Records provided: Begin

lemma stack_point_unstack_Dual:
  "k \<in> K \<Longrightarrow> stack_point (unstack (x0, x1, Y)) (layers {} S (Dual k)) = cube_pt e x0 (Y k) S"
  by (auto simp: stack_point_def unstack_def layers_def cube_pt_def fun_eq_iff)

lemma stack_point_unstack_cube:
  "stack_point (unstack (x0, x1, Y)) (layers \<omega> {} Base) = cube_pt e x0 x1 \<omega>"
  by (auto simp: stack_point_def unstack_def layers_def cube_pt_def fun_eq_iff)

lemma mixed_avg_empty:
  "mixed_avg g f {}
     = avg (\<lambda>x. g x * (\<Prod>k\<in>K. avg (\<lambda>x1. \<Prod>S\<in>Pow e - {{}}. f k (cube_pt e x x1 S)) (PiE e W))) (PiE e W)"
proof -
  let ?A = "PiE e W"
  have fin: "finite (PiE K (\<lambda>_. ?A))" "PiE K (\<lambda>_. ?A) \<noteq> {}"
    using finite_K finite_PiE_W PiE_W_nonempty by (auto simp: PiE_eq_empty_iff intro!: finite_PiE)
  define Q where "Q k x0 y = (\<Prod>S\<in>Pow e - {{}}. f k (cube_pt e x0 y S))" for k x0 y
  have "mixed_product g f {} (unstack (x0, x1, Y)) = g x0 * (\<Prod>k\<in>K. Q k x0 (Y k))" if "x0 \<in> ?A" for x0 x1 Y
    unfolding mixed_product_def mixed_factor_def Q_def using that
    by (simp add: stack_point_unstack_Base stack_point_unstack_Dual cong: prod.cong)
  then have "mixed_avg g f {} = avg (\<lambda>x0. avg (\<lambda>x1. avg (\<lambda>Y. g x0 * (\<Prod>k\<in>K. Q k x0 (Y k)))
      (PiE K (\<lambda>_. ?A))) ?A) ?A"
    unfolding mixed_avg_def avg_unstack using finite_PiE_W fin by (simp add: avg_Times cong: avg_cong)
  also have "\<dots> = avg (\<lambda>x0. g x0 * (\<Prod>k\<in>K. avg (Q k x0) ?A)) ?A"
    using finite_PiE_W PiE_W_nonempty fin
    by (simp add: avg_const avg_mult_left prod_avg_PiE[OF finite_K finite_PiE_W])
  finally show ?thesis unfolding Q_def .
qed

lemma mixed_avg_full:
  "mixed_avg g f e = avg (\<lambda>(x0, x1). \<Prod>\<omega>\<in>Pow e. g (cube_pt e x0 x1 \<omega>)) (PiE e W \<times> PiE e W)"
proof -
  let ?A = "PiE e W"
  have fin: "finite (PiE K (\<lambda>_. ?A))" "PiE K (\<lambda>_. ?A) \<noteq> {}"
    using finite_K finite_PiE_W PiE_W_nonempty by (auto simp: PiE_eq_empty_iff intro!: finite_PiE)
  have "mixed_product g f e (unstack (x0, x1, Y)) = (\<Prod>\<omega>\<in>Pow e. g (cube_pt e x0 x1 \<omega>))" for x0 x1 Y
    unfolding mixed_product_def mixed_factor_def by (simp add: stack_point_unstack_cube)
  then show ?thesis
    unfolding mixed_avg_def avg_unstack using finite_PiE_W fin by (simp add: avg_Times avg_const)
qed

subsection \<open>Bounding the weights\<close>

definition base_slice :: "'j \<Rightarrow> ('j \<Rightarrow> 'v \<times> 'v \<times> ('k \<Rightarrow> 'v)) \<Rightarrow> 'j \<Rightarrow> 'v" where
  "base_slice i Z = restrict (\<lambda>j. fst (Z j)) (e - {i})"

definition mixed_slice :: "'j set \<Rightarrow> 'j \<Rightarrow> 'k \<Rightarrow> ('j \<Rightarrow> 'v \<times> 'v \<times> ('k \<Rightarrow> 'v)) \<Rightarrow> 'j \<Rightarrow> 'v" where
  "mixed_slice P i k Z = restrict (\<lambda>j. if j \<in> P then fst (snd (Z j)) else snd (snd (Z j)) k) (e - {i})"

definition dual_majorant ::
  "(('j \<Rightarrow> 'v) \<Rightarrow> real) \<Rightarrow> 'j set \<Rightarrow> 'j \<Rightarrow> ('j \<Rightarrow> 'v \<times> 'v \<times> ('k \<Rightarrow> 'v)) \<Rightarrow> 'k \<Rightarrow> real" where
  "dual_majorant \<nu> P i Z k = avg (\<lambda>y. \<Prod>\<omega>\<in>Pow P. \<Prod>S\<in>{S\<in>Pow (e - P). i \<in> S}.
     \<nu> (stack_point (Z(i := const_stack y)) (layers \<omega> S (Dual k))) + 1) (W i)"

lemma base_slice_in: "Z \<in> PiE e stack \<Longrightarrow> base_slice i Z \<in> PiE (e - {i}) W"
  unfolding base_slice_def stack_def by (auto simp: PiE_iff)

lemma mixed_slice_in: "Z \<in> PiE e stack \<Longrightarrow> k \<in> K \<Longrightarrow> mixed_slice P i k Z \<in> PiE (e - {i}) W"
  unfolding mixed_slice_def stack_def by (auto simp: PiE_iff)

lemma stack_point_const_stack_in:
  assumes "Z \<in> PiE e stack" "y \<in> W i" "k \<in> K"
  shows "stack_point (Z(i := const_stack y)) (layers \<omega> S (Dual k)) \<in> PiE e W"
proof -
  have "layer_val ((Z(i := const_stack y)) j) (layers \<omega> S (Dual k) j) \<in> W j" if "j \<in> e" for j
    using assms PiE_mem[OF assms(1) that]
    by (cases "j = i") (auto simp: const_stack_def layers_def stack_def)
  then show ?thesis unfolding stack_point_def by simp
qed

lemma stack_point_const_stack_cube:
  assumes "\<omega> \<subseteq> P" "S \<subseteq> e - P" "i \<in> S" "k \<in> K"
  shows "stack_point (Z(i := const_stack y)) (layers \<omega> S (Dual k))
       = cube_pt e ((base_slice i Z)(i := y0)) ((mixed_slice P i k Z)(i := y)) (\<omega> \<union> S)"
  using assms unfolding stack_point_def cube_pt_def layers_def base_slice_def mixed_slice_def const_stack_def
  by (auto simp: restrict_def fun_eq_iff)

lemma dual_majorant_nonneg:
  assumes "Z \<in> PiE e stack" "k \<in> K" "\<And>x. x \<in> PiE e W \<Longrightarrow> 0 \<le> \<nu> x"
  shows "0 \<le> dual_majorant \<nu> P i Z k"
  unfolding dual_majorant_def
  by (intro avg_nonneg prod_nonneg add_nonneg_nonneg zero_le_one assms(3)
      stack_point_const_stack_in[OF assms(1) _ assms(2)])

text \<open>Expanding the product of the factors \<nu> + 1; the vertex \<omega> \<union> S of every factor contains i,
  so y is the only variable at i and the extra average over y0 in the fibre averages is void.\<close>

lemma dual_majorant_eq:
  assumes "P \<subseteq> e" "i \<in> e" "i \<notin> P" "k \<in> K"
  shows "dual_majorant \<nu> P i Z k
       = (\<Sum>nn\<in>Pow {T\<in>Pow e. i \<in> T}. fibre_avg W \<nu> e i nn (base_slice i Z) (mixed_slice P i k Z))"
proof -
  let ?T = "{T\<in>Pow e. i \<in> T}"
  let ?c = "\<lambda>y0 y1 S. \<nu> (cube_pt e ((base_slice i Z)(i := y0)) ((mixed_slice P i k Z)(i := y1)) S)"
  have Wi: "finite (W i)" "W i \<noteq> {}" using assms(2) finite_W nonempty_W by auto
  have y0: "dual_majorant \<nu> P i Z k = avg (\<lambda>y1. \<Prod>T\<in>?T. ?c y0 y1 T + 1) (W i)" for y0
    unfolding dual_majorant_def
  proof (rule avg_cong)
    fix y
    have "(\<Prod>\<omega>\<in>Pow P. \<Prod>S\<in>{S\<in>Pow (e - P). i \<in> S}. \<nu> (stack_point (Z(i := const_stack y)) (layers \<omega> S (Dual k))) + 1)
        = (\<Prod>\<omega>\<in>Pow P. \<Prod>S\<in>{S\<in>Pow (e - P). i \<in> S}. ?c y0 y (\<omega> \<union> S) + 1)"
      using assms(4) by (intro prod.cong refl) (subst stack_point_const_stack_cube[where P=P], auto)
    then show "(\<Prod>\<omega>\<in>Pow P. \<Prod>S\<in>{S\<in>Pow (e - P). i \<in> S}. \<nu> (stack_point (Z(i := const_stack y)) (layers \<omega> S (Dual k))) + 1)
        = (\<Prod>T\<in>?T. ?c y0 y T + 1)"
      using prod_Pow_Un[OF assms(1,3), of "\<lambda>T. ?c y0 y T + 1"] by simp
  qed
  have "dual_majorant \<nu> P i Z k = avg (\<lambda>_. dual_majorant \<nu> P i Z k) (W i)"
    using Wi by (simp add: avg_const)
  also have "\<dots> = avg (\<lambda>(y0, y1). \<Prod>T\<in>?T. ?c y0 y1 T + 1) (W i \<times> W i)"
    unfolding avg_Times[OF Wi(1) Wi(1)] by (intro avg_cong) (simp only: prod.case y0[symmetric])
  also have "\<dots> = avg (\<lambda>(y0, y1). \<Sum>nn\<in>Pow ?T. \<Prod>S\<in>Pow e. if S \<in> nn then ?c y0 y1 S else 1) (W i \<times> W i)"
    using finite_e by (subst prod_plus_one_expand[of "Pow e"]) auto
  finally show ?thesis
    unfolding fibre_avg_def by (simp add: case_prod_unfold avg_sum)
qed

Records provided: End

Task goal:
Once you find the line with "stack \<Longrightarrow> base_slice" above, print it and every line after it up to and including the line with "stack \<Longrightarrow> k", exactly as written and nothing else.

Exercise answer:
lemma base_slice_in: "Z \<in> PiE e stack \<Longrightarrow> base_slice i Z \<in> PiE (e - {i}) W"
  unfolding base_slice_def stack_def by (auto simp: PiE_iff)

lemma mixed_slice_in: "Z \<in> PiE e stack \<Longrightarrow> k \<in> K \<Longrightarrow> mixed_slice P i k Z \<in> PiE (e - {i}) W"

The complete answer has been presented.